_Collected data entries_:
(* Consider the group-weighted network variant described in the context, with two networks $(s_{N_k})_{k=1}^G$ and $(s'_{N_k})_{k=1}^G$ and all other parameters identical. Suppose $s'_{N_k}=z\,s_{N_k}$ for all $k$, where $1\le z\le 1/\max_k s_{N_k}$. Let $D_n^t$ and $D_n'^t$ be the corresponding sets of new-product consumers. Then $D_n^t\subseteq D_n'^t$ for all $t\ge1$.
   Context: Group-weighted network variant. There are $N$ individuals partitioned into $G\ge2$ nonempty groups $N_1,\dots,N_G$ (also denoting cardinalities). Members of $N_k$ have aspiration level $H_{N_k}$, with $H_{N_1}>\cdots>H_{N_G}$; write $H_i$ for individual $i$'s level. The incumbent $p_c$ gives payoff $v_L$ to everyone, where $H_{N_2}<v_L<H_{N_1}$. The new product $p_n$ gives individual $i$ the payoff $v_{Hi}\ge H_{N_1}$. Product similarities are $s_{p_c,p_c}=s_{p_n,p_n}=1$, $s_{p_n,p_c}=s_p\in(0,1)$ and $s_{p_c,p_n}=0$. A social network is a vector $(s_{N_k})_{k=1}^G$ with $s_{N_k}\in[0,1]$ and $\max_k s_{N_k}>0$. Individual similarities are $s_{i,i}=1$ and $s_{i,j}=s_{N_k}$ whenever $j\in N_k$ and $j\neq i$. Dynamics. In period $0$ everyone consumes $p_c$ ($D_c^0=\{1,\dots,N\}$, $D_n^0=\emptyset$). For $t\ge1$, $U_i^t(p_c)=\sum_{t'=0}^{t-1}\sum_{j\in D_c^{t'}}s_{i,j}(v_L-H_i)$ and $U_i^t(p_n)=s_pU_i^t(p_c)+\sum_{t'=0}^{t-1}\sum_{j\in D_n^{t'}}s_{i,j}(v_{Hj}-H_i)$. Individual $i\in D_n^t$ iff $U_i^t(p_n)>U_i^t(p_c)$; otherwise $i\in D_c^t$. *)

theory Defs
  imports Complex_Main
begin

text \<open>Individuals are 0..<N; grp i < G is the group of individual i; groups are 0..<G
  (group k here corresponds to N_{k+1} in the paper).  Hg k is the aspiration level of
  group k, vH i the payoff of the new product to individual i, s k the network weight of
  group k, sp the product similarity s_{p_n,p_c}.\<close>

definition sim :: "(nat \<Rightarrow> nat) \<Rightarrow> (nat \<Rightarrow> real) \<Rightarrow> nat \<Rightarrow> nat \<Rightarrow> real" where
  "sim grp s i j = (if i = j then 1 else s (grp j))"

text \<open>Cumulative utilities, given the history hs = [D_n^0, ..., D_n^{t-1}].
  D_c^{t'} is the complement {0..<N} - D_n^{t'}.\<close>

definition Ucur :: "nat \<Rightarrow> (nat \<Rightarrow> nat) \<Rightarrow> (nat \<Rightarrow> real) \<Rightarrow> (nat \<Rightarrow> real) \<Rightarrow> real
    \<Rightarrow> nat set list \<Rightarrow> nat \<Rightarrow> real" where
  "Ucur N grp Hg s vL hs i =
     sum_list (map (\<lambda>D. \<Sum>j\<in>{..<N} - D. sim grp s i j * (vL - Hg (grp i))) hs)"

definition Unew :: "nat \<Rightarrow> (nat \<Rightarrow> nat) \<Rightarrow> (nat \<Rightarrow> real) \<Rightarrow> (nat \<Rightarrow> real) \<Rightarrow> real
    \<Rightarrow> (nat \<Rightarrow> real) \<Rightarrow> real \<Rightarrow> nat set list \<Rightarrow> nat \<Rightarrow> real" where
  "Unew N grp Hg s vL vH sp hs i =
     sp * Ucur N grp Hg s vL hs i
     + sum_list (map (\<lambda>D. \<Sum>j\<in>D. sim grp s i j * (vH j - Hg (grp i))) hs)"

primrec hist :: "nat \<Rightarrow> (nat \<Rightarrow> nat) \<Rightarrow> (nat \<Rightarrow> real) \<Rightarrow> (nat \<Rightarrow> real) \<Rightarrow> real
    \<Rightarrow> (nat \<Rightarrow> real) \<Rightarrow> real \<Rightarrow> nat \<Rightarrow> nat set list" where
  "hist N grp Hg s vL vH sp 0 = [{}]"
| "hist N grp Hg s vL vH sp (Suc t) =
     hist N grp Hg s vL vH sp t @
       [{i. i < N \<and> Unew N grp Hg s vL vH sp (hist N grp Hg s vL vH sp t) i
                     > Ucur N grp Hg s vL (hist N grp Hg s vL vH sp t) i}]"

definition Dn :: "nat \<Rightarrow> (nat \<Rightarrow> nat) \<Rightarrow> (nat \<Rightarrow> real) \<Rightarrow> (nat \<Rightarrow> real) \<Rightarrow> real
    \<Rightarrow> (nat \<Rightarrow> real) \<Rightarrow> real \<Rightarrow> nat \<Rightarrow> nat set" where
  "Dn N grp Hg s vL vH sp t = hist N grp Hg s vL vH sp t ! t"

end

theory Submission
  imports Defs
begin

text \<open>Write \<open>U\<^sub>i\<^sup>t(p\<^sub>n) - U\<^sub>i\<^sup>t(p\<^sub>c)\<close> as a sum over past periods of weighted contributions
  of all individuals.  Individuals who are dissatisfied with \<open>p\<^sub>c\<close> (\<open>v\<^sub>L < H\<^sub>i\<close>) receive only
  nonnegative contributions and a positive one from themselves, so they adopt \<open>p\<^sub>n\<close> from
  period 1 on under any network.  For a satisfied individual the contribution of every
  other individual is monotone in the set of adopters, so the adopter sets grow over time,
  and its own contribution is negative until it adopts.  Hence, once it has adopted, the
  accumulated contribution of the others is positive and stays positive.  Scaling the
  network by \<open>z \<ge> 1\<close> multiplies exactly this part by \<open>z\<close>, and the larger adopter sets of
  the scaled network only increase the sum further.  Beyond nonnegative weights, only
  \<open>H\<^sub>i \<le> v\<^sub>H\<^sub>j\<close> and \<open>s\<^sub>p < 1\<close> are used.\<close>

lemma sum_lessThan_pos_extend:
  fixes a :: "nat \<Rightarrow> real"
  assumes step: "\<And>k. Suc k < n' \<Longrightarrow> a k \<le> a (Suc k)"
    and pos: "0 < (\<Sum>k<n. a k)" and "n \<le> n'"
  shows "0 < (\<Sum>k<n'. a k)"
proof -
  have mono: "a k \<le> a m" if "k \<le> m" "m < n'" for k m
    using that by (induction m rule: dec_induct) (auto intro: order.trans step)
  obtain m where n: "n = Suc m" using pos by (cases n) auto
  have "0 < a m"
  proof (rule ccontr)
    assume "\<not> 0 < a m"
    then have "a k \<le> 0" if "k < n" for k
      using mono[of k m] that n \<open>n \<le> n'\<close> by simp
    then have "(\<Sum>k<n. a k) \<le> 0"
      by (intro sum_nonpos) simp
    with pos show False by linarith
  qed
  then have "0 \<le> (\<Sum>k\<in>{n..<n'}. a k)"
  proof (intro sum_nonneg)
    fix k assume "k \<in> {n..<n'}"
    then show "0 \<le> a k"
      using mono[of m k] n \<open>0 < a m\<close> by simp
  qed
  moreover have "(\<Sum>k<n'. a k) = (\<Sum>k<n. a k) + (\<Sum>k\<in>{n..<n'}. a k)"
    using \<open>n \<le> n'\<close> by (simp add: lessThan_atLeast0 sum.atLeastLessThan_concat)
  ultimately show ?thesis
    using pos by linarith
qed

lemma hist_length: "length (hist N grp Hg w vL vH sp t) = Suc t"
  by (induction t) auto

lemma hist_nth: "k \<le> t \<Longrightarrow> hist N grp Hg w vL vH sp t ! k = Dn N grp Hg w vL vH sp k"
proof (induction t)
  case 0 then show ?case by (simp add: Dn_def)
next
  case (Suc t)
  then show ?case
    by (cases "k \<le> t") (auto simp: nth_append hist_length less_Suc_eq_le Dn_def le_Suc_eq)
qed

lemma hist_eq_map_Dn: "hist N grp Hg w vL vH sp t = map (Dn N grp Hg w vL vH sp) [0..<Suc t]"
  by (rule nth_equalityI) (simp_all add: hist_length hist_nth del: upt_Suc)

lemma Dn_0 [simp]: "Dn N grp Hg w vL vH sp 0 = {}"
  by (simp add: Dn_def)

lemma Dn_Suc: "Dn N grp Hg w vL vH sp (Suc t) = {i. i < N \<and>
    Ucur N grp Hg w vL (hist N grp Hg w vL vH sp t) i
      < Unew N grp Hg w vL vH sp (hist N grp Hg w vL vH sp t) i}"
  by (simp add: Dn_def nth_append hist_length)

lemma Dn_subset: "Dn N grp Hg w vL vH sp t \<subseteq> {..<N}"
  by (cases t) (auto simp: Dn_Suc)

locale adoption_model =
  fixes N :: nat and grp :: "nat \<Rightarrow> nat" and Hg vH :: "nat \<Rightarrow> real" and vL sp :: real
  assumes new_meets_aspiration: "\<And>i j. i < N \<Longrightarrow> j < N \<Longrightarrow> Hg (grp i) \<le> vH j"
    and sp_lt_1: "sp < 1"
begin

abbreviation adopters :: "(nat \<Rightarrow> real) \<Rightarrow> nat \<Rightarrow> nat set" where
  "adopters w \<equiv> Dn N grp Hg w vL vH sp"

text \<open>What individual \<open>j\<close>'s choice in one period adds to \<open>U\<^sub>i(p\<^sub>n) - U\<^sub>i(p\<^sub>c)\<close>, before weighting:
  a \<open>p\<^sub>c\<close>-consumer adds \<open>v\<^sub>L - H\<^sub>i\<close> to \<open>U\<^sub>i(p\<^sub>c)\<close> and \<open>s\<^sub>p\<close> times that to \<open>U\<^sub>i(p\<^sub>n)\<close>.\<close>

definition gap :: "nat set \<Rightarrow> nat \<Rightarrow> nat \<Rightarrow> real" where
  "gap D i j = (if j \<in> D then vH j - Hg (grp i) else (sp - 1) * (vL - Hg (grp i)))"

definition period_gap :: "(nat \<Rightarrow> real) \<Rightarrow> nat set \<Rightarrow> nat \<Rightarrow> real" where
  "period_gap w D i = (\<Sum>j<N. sim grp w i j * gap D i j)"

definition peer_gap :: "(nat \<Rightarrow> real) \<Rightarrow> nat set \<Rightarrow> nat \<Rightarrow> real" where
  "peer_gap w D i = (\<Sum>j\<in>{..<N} - {i}. w (grp j) * gap D i j)"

_INSTRUCTIONS FOR THE TASK_: Nothing but a number is wanted: how many lines in the records above include "rule".

_FINAL ANSWER_: 3